In the effort to eliminate malaria, for example, IDM is combining surveillance data with computational modeling to tailor antimalarial efforts to unique local conditions. They are also using quantitative analysis and modeling to evaluate various control strategies for HIV, TB, and to eradicate polio. This kind of research could provide valuable information to help predict disease transmission and identify prevention measures and intervention tactics for epidemics and pandemics.
At the Munich Security Conference last year, I asked world leaders to imagine that somewhere in the world, there is a weapon that exists – or that could emerge – that is capable of killing millions of people, bringing economies to a standstill, and casting nations into chaos.
If this were a military threat, the response – of course – would be that we should do everything possible to develop countermeasures. In the case of biological threats, that sense of urgency is lacking.
The world needs to prepare for pandemics the way the military prepares for war. This includes simulations and other preparedness exercises so we can better understand how diseases will spread and how to deal with things like quarantine and communications to minimize panic.
We need better coordination with military forces to ensure we can draw on their mobilization capacity to transport people, equipment, and supplies on a mass scale.
We need a reserve corps of trained personnel and volunteers, ready to go at a moment’s notice. And we need manufacturing and indemnification agreements in place with pharmaceutical companies –with expedited review processes for government approval of new treatments.
Last month, Congress directed the administration to come up with a comprehensive plan to strengthen global health security – here and abroad. This could be an important first step if the White House and Congress use the opportunity to articulate and embrace a leadership role for the U.S. in global health security.
No other country has the depth of scientific or technical expertise that we do – drawing on the resources of institutions like the NIH, the CDC, and advanced research organizations like DARPA and BARDA.
Our biopharmaceutical industry is the global leader in biomedical innovation. And, on the world stage, the U.S. is an influential member of international forums like the UN, the WHO, the G7, and the G20.
The point is that the U.S. can and should play a leadership role in creating the kind of pandemic preparedness and response system the world needs.
As I said at the start, I’m fundamentally an optimist, and that gives me hope that we can get prepared for the next big pandemic.
The global community eradicated smallpox, a disease that killed an estimated 300 million people in the 20th century alone.
We are on the verge of eradicating polio, a disease that 30 years ago was endemic in 125 countries and that paralyzed or killed 350,000 people a year.
And today, nearly 21 million people are receiving life-saving HIV treatment, thanks primarily to the support of the world community.

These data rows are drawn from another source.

(* Let $\mathbb G=V_1\times V_2$ be a step-two Carnot group. Then $\mathcal A_h(\mathbb G)=\mathcal A(V_1\times V_2)$ if and only if the following holds: whenever $b:V_1\times V_2\to\mathbb R$ is bilinear and $b(x,[x,x'])=0$ for all $x,x'\in V_1$, then $b=0$.
   Context: A step-two Carnot group is $\mathbb G=V_1\times V_2$, where $V_1,V_2$ are finite-dimensional real vector spaces with $V_2\neq\{0\}$, equipped with a bilinear skew-symmetric map $[\cdot,\cdot]:V_1\times V_1\to V_2$ with $\operatorname{span}\{[x,x']:x,x'\in V_1\}=V_2$, and group law $(x,z)\cdot(x',z')=(x+x',z+z'+[x,x'])$. $\mathcal A_h(\mathbb G)$ is the space of $h$-affine maps $f:\mathbb G\to\mathbb R$, i.e. such that for all $(x,z)\in\mathbb G$, $y\in V_1$, $t\in\mathbb R\mapsto f((x,z)\cdot(ty,0))$ is affine; $\mathcal A(V_1\times V_2)$ is the space of maps that are affine in the usual sense on the vector space $V_1\times V_2$. *)

theory Defs
  imports "HOL-Analysis.Analysis"
begin

text \<open>A step-two Carnot group structure on V1 x V2: V1, V2 finite-dimensional real
  vector spaces (modelled as euclidean_space types, hence V2 nonzero automatically),
  br the bracket V1 x V1 -> V2.\<close>
definition step_two_carnot :: "('a::euclidean_space \<Rightarrow> 'a \<Rightarrow> 'b::euclidean_space) \<Rightarrow> bool" where
  "step_two_carnot br \<longleftrightarrow> bilinear br \<and> (\<forall>x y. br x y = - br y x)
     \<and> span {br x y | x y. True} = UNIV"

definition carnot_mult :: "('a::real_vector \<Rightarrow> 'a \<Rightarrow> 'b::real_vector) \<Rightarrow> 'a \<times> 'b \<Rightarrow> 'a \<times> 'b \<Rightarrow> 'a \<times> 'b" where
  "carnot_mult br p q = (fst p + fst q, snd p + snd q + br (fst p) (fst q))"
lemma sandwiches_factor_power:
  assumes "normal_elt h" and "t \<in> sandwiches hs"
  shows "\<exists>c b. t = c * h ^ count_list hs h * b"
  using assms(2)
proof (induction hs arbitrary: t)
  case Nil
  have "t = t * h ^ count_list [] h * 1" by simp
  then show ?case by blast
next
  case (Cons g hs)
  then obtain t' a c b where t: "t = t' * g * a" and t': "t' = c * h ^ count_list hs h * b"
    by force
  show ?case
  proof (cases "g = h")
    case True
    obtain b' where "b * h = h * b'" using assms(1) unfolding normal_elt_def by blast
    then have "t = c * (h ^ count_list hs h * h) * (b' * a)"
      using t t' True by (simp add: mult.assoc)
    then show ?thesis using True by (auto simp: power_commutes)
  next
    case False
    then have "t = c * h ^ count_list (g # hs) h * (b * g * a)"
      using t t' by (simp add: mult.assoc)
    then show ?thesis by blast
  qed
qed

lemma sandwiches_eq_0_if_nilpotent_factor:
  assumes "normal_elt h" "h ^ M = 0" "M \<le> count_list hs h" "t \<in> sandwiches hs"
  shows "t = 0"
proof -
  obtain c b where "t = c * h ^ count_list hs h * b"
    using sandwiches_factor_power assms(1,4) by blast
  moreover have "h ^ count_list hs h = 0"
    using assms(2,3) by (metis le_add_diff_inverse power_add mult_zero_left)
  ultimately show ?thesis by simp
qed

lemma count_list_pigeonhole:
  assumes "finite H" "set hs \<subseteq> H" "card H * M < length hs"
  shows "\<exists>h\<in>H. M \<le> count_list hs h"
proof (rule ccontr)
  assume "\<not> ?thesis"
  then have "sum (count_list hs) H \<le> sum (\<lambda>_. M) H"
    by (intro sum_mono) (auto simp: not_le less_imp_le)
  then show False
    using assms sum_count_set[OF assms(2,1)] by simp
qed

lemma sandwiches_vanish_if_long:
  assumes "finite H" and "\<And>h. h \<in> H \<Longrightarrow> normal_elt h \<and> (\<exists>k. h ^ k = 0)"
  obtains K where "\<And>hs t. set hs \<subseteq> H \<Longrightarrow> K \<le> length hs \<Longrightarrow> t \<in> sandwiches hs \<Longrightarrow> t = 0"
proof -
  obtain k where k: "\<And>h. h \<in> H \<Longrightarrow> h ^ k h = 0" using assms(2) by metis
  define M where "M = (\<Sum>h\<in>H. k h)"
  have "h ^ M = 0" if "h \<in> H" for h
  proof -
    have "k h \<le> M" unfolding M_def using member_le_sum[OF that, of k] assms(1) by simp
    then show ?thesis using k[OF that] by (metis le_add_diff_inverse power_add mult_zero_left)
  qed
  moreover have "\<exists>h\<in>H. M \<le> count_list hs h" if "set hs \<subseteq> H" "card H * M + 1 \<le> length hs" for hs
    using count_list_pigeonhole[OF assms(1) that(1)] that(2) by simp
  ultimately show ?thesis
    using that[of "card H * M + 1"] assms(2) sandwiches_eq_0_if_nilpotent_factor by metis
qed

text \<open>The sums of sandwiches in which each factor from \<open>H\<close> carries weight \<open>d\<close> and the
total weight is at least \<open>w\<close>: the two-sided ideal power \<open>(H)\<^bsup>\<lceil>w/d\<rceil>\<^esup>\<close>.\<close>
inductive_set weighted_ideal :: "'a::ring_1 set \<Rightarrow> nat \<Rightarrow> int \<Rightarrow> 'a set" for H d w where
  zero: "0 \<in> weighted_ideal H d w"
| sandwich: "set hs \<subseteq> H \<Longrightarrow> t \<in> sandwiches hs \<Longrightarrow> w \<le> int d * int (length hs)
    \<Longrightarrow> t \<in> weighted_ideal H d w"
| add: "x \<in> weighted_ideal H d w \<Longrightarrow> y \<in> weighted_ideal H d w \<Longrightarrow> x + y \<in> weighted_ideal H d w"

lemma weighted_ideal_nonpos: "w \<le> 0 \<Longrightarrow> x \<in> weighted_ideal H d w"
  by (rule weighted_ideal.sandwich[of "[]"]) simp_all

lemma weighted_ideal_generator: "h \<in> H \<Longrightarrow> w \<le> int d \<Longrightarrow> h \<in> weighted_ideal H d w"
  by (rule weighted_ideal.sandwich[of "[h]"]) (simp_all, metis mult_1_left mult_1_right)

lemma weighted_ideal_mult_left: "x \<in> weighted_ideal H d w \<Longrightarrow> r * x \<in> weighted_ideal H d w"
  by (induction rule: weighted_ideal.induct)
    (auto simp: distrib_left intro: weighted_ideal.intros sandwiches_mult_left)

lemma weighted_ideal_antimono: "x \<in> weighted_ideal H d w \<Longrightarrow> w' \<le> w \<Longrightarrow> x \<in> weighted_ideal H d w'"
  by (induction rule: weighted_ideal.induct) (auto intro: weighted_ideal.intros)

lemma weighted_ideal_mult:
  assumes "x \<in> weighted_ideal H d v" "y \<in> weighted_ideal H d w"
  shows "x * y \<in> weighted_ideal H d (v + w)"
  using assms
proof (induction rule: weighted_ideal.induct)
  case (sandwich hs t)
  from sandwich.prems show ?case
  proof (induction rule: weighted_ideal.induct)
    case (sandwich gs s)
    with \<open>set hs \<subseteq> H\<close> \<open>t \<in> sandwiches hs\<close> \<open>v \<le> int d * int (length hs)\<close> show ?case
      by (intro weighted_ideal.sandwich[of "gs @ hs"]) (auto simp: sandwiches_mult algebra_simps)
  qed (simp_all add: distrib_left weighted_ideal.intros)
qed (simp_all add: distrib_right weighted_ideal.intros)

lemma weighted_ideal_sum:
  "finite A \<Longrightarrow> (\<And>i. i \<in> A \<Longrightarrow> f i \<in> weighted_ideal H d w) \<Longrightarrow> sum f A \<in> weighted_ideal H d w"
  by (induction A rule: finite_induct) (auto intro: weighted_ideal.intros)

lemma weighted_ideal_power: "x \<in> weighted_ideal H d 1 \<Longrightarrow> x ^ n \<in> weighted_ideal H d (int n)"
proof (induction n)
  case 0
  show ?case by (simp add: weighted_ideal.sandwich[of "[]"])
next
  case (Suc n)
  then show ?case using weighted_ideal_mult[of x H d 1 "x ^ n" "int n"] by simp
qed

lemma weighted_ideal_eq_0:
  assumes "d > 0"
    and "\<And>hs t. set hs \<subseteq> H \<Longrightarrow> K \<le> length hs \<Longrightarrow> t \<in> sandwiches hs \<Longrightarrow> t = 0"
    and "x \<in> weighted_ideal H d w" "int (d * K) \<le> w"
  shows "x = 0"
  using assms(3,4)
proof (induction rule: weighted_ideal.induct)
  case (sandwich hs t)
  then have "int d * int K \<le> int d * int (length hs)" by simp
  then have "K \<le> length hs" using assms(1) by (simp add: mult_le_cancel_left)
  with sandwich assms(2) show ?case by blast
qed auto

section \<open>Homogeneous elements of a super-commutative algebra\<close>

lemma
  assumes "supercomm_C_algebra sc R0 R1"
  shows supercomm_module: "module sc"
    and supercomm_odd_subspace: "module.subspace sc R1"
    and supercomm_even_odd_inter: "R0 \<inter> R1 = {0}"
    and supercomm_decomp: "\<exists>a\<in>R0. \<exists>b\<in>R1. x = a + b"
    and supercomm_even_mult: "a \<in> R0 \<Longrightarrow> a' \<in> R0 \<Longrightarrow> a * a' \<in> R0"
    and supercomm_even_odd_mult: "a \<in> R0 \<Longrightarrow> b \<in> R1 \<Longrightarrow> a * b \<in> R1"
    and supercomm_even_comm: "a \<in> R0 \<Longrightarrow> y \<in> R0 \<union> R1 \<Longrightarrow> a * y = y * a"
    and supercomm_odd_anticomm: "b \<in> R1 \<Longrightarrow> b' \<in> R1 \<Longrightarrow> b * b' = - (b' * b)"
  using assms unfolding supercomm_C_algebra_def by (elim conjE; blast)+

lemma supercomm_add_self_eq_0:
  fixes sc :: "complex \<Rightarrow> 'a::ring_1 \<Rightarrow> 'a" and x :: 'a
  assumes "supercomm_C_algebra sc R0 R1" "x + x = 0"
  shows "x = 0"
proof -
  have m: "module sc" using assms(1) by (rule supercomm_module)
  have "sc 2 x = x + x"
    using module.scale_left_distrib[OF m, of 1 1 x] module.scale_one[OF m] by simp
  then have "sc (1/2) (sc 2 x) = 0"
    using assms(2) by (simp add: module.scale_zero_right[OF m])
  then show ?thesis by (simp add: module.scale_scale[OF m] module.scale_one[OF m])
qed

lemma supercomm_odd_square_eq_0:
  assumes "supercomm_C_algebra sc R0 R1" "b \<in> R1"
  shows "b * b = 0"
proof -
  have "b * b = - (b * b)" using supercomm_odd_anticomm[OF assms(1) assms(2,2)] .
  then have "b * b + b * b = 0" by (metis add.right_inverse)
  then show ?thesis using supercomm_add_self_eq_0[OF assms(1)] by blast
qed

lemma supercomm_homogeneous_normal:
  assumes sc: "supercomm_C_algebra sc R0 R1" and "h \<in> R0 \<union> R1"
  shows "normal_elt h"
  unfolding normal_elt_def
proof
  fix x
  obtain a b where ab: "a \<in> R0" "b \<in> R1" "x = a + b"
    using supercomm_decomp[OF sc] by blast
  show "\<exists>x'. x * h = h * x'"
  proof (cases "h \<in> R0")
    case True
    then have "h * a = a * h" "h * b = b * h"
      using supercomm_even_comm[OF sc] ab by blast+
    then have "x * h = h * x" by (simp add: ab(3) algebra_simps)
    then show ?thesis by blast
  next
    case False
    then have "a * h = h * a" "b * h = - (h * b)"
      using supercomm_even_comm[OF sc] supercomm_odd_anticomm[OF sc] ab \<open>h \<in> R0 \<union> R1\<close>
      by blast+
    then have "x * h = h * (a - b)" by (simp add: ab(3) algebra_simps)
    then show ?thesis by blast
  qed
qed

lemma binomial_square_zero:
  fixes a b :: "'a::ring_1"
  assumes "b * a = a * b" "b * b = 0"
  shows "(a + b) ^ Suc n = a ^ Suc n + of_nat (Suc n) * (a ^ n * b)"
proof (induction n)
  case (Suc n)
  have "a ^ n * b * a = a ^ n * a * b" by (simp add: mult.assoc assms(1))
  also have "\<dots> = a ^ Suc n * b" by (simp only: power_Suc2)
  finally have ba: "a ^ n * b * a = a ^ Suc n * b" .
  have "(a + b) ^ Suc (Suc n) = (a ^ Suc n + of_nat (Suc n) * (a ^ n * b)) * (a + b)"
    by (simp only: power_Suc2[of "a + b" "Suc n"] Suc)
  also have "\<dots> = a ^ Suc (Suc n) + of_nat (Suc (Suc n)) * (a ^ Suc n * b)"
    using ba by (simp add: algebra_simps assms(2) power_commutes)
  finally show ?case .
qed simp

text \<open>Comparing parities in \<open>0 = (a + b)\<^bsup>k+1\<^esup> = a\<^bsup>k+1\<^esup> + (k+1) a\<^sup>k b\<close>.\<close>
lemma supercomm_even_part_nilpotent:
  assumes sc: "supercomm_C_algebra sc R0 R1" and "a \<in> R0" "b \<in> R1" "(a + b) ^ k = 0"
  shows "a ^ Suc k = 0"
proof -
  have m: "module sc" and s1: "module.subspace sc R1"
    using supercomm_module[OF sc] supercomm_odd_subspace[OF sc] .
  have "a ^ Suc n \<in> R0" for n
    by (induction n) (use \<open>a \<in> R0\<close> supercomm_even_mult[OF sc] in auto)
  moreover have "a ^ n * b \<in> R1" for n
    by (induction n) (use assms(2,3) supercomm_even_odd_mult[OF sc] in \<open>auto simp: mult.assoc\<close>)
  then have "of_nat n * (a ^ k * b) \<in> R1" for n
    by (induction n)
      (auto simp: distrib_right module.subspace_0[OF m s1] module.subspace_add[OF m s1])
  moreover have "a ^ Suc k = - (of_nat (Suc k) * (a ^ k * b))"
  proof -
    have "b * a = a * b" using supercomm_even_comm[OF sc assms(2), of b] assms(3) by simp
    moreover have "b * b = 0" using supercomm_odd_square_eq_0[OF sc assms(3)] .
    moreover have "(a + b) ^ Suc k = 0" using \<open>(a + b) ^ k = 0\<close> by simp
    ultimately have "a ^ Suc k + of_nat (Suc k) * (a ^ k * b) = 0"
      using binomial_square_zero by metis
    then show ?thesis by (simp add: eq_neg_iff_add_eq_0)
  qed
  ultimately have "a ^ Suc k \<in> R0 \<inter> R1"
    using module.subspace_neg[OF m s1] by (metis IntI)
  then show ?thesis using supercomm_even_odd_inter[OF sc] by blast
qed

lemma supercomm_nilpotent_parts:
  assumes sc: "supercomm_C_algebra sc R0 R1" and "a \<in> R0" "x - a \<in> R1" "x ^ k = 0"
  shows "a ^ Suc k = 0" "(x - a) ^ 2 = 0"
proof -
  show "a ^ Suc k = 0"
    using supercomm_even_part_nilpotent[OF sc assms(2,3)] assms(4) by simp
  show "(x - a) ^ 2 = 0"
    using supercomm_odd_square_eq_0[OF sc assms(3)] by (simp add: power2_eq_square)
qed

section \<open>Coefficients of negative degree\<close>

lemma finite_fls_poles_bounded:
  assumes "finite S"
  obtains d :: nat where "d > 0" "\<And>g n. g \<in> S \<Longrightarrow> n < - int d \<Longrightarrow> fls_nth g n = 0"
proof
  define d where "d = 1 + (\<Sum>g\<in>S. nat (- fls_subdegree g))"
  show "d > 0" unfolding d_def by simp
  fix g n assume "g \<in> S" "n < - int d"
  moreover have "nat (- fls_subdegree g) \<le> d - 1"
    using member_le_sum[OF \<open>g \<in> S\<close>, of "\<lambda>g. nat (- fls_subdegree g)"] assms
    unfolding d_def by simp
  ultimately show "fls_nth g n = 0" by simp
qed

America’s global HIV initiative, PEPFAR, was the catalyst for world action on the AIDS crisis. It’s an example of the kind of leadership we need from the U.S. on a broader effort to make the world safer from other infectious disease threats. With strong bipartisan support, PEPFAR has saved millions of lives and shown that national governments can work together to address pandemics.
Somewhere in the history of these collective efforts is a roadmap to create a comprehensive pandemic preparedness and response system.
We must find it and follow it because lives – in numbers too great to comprehend – depend on it.
Thank you for the opportunity to address you today.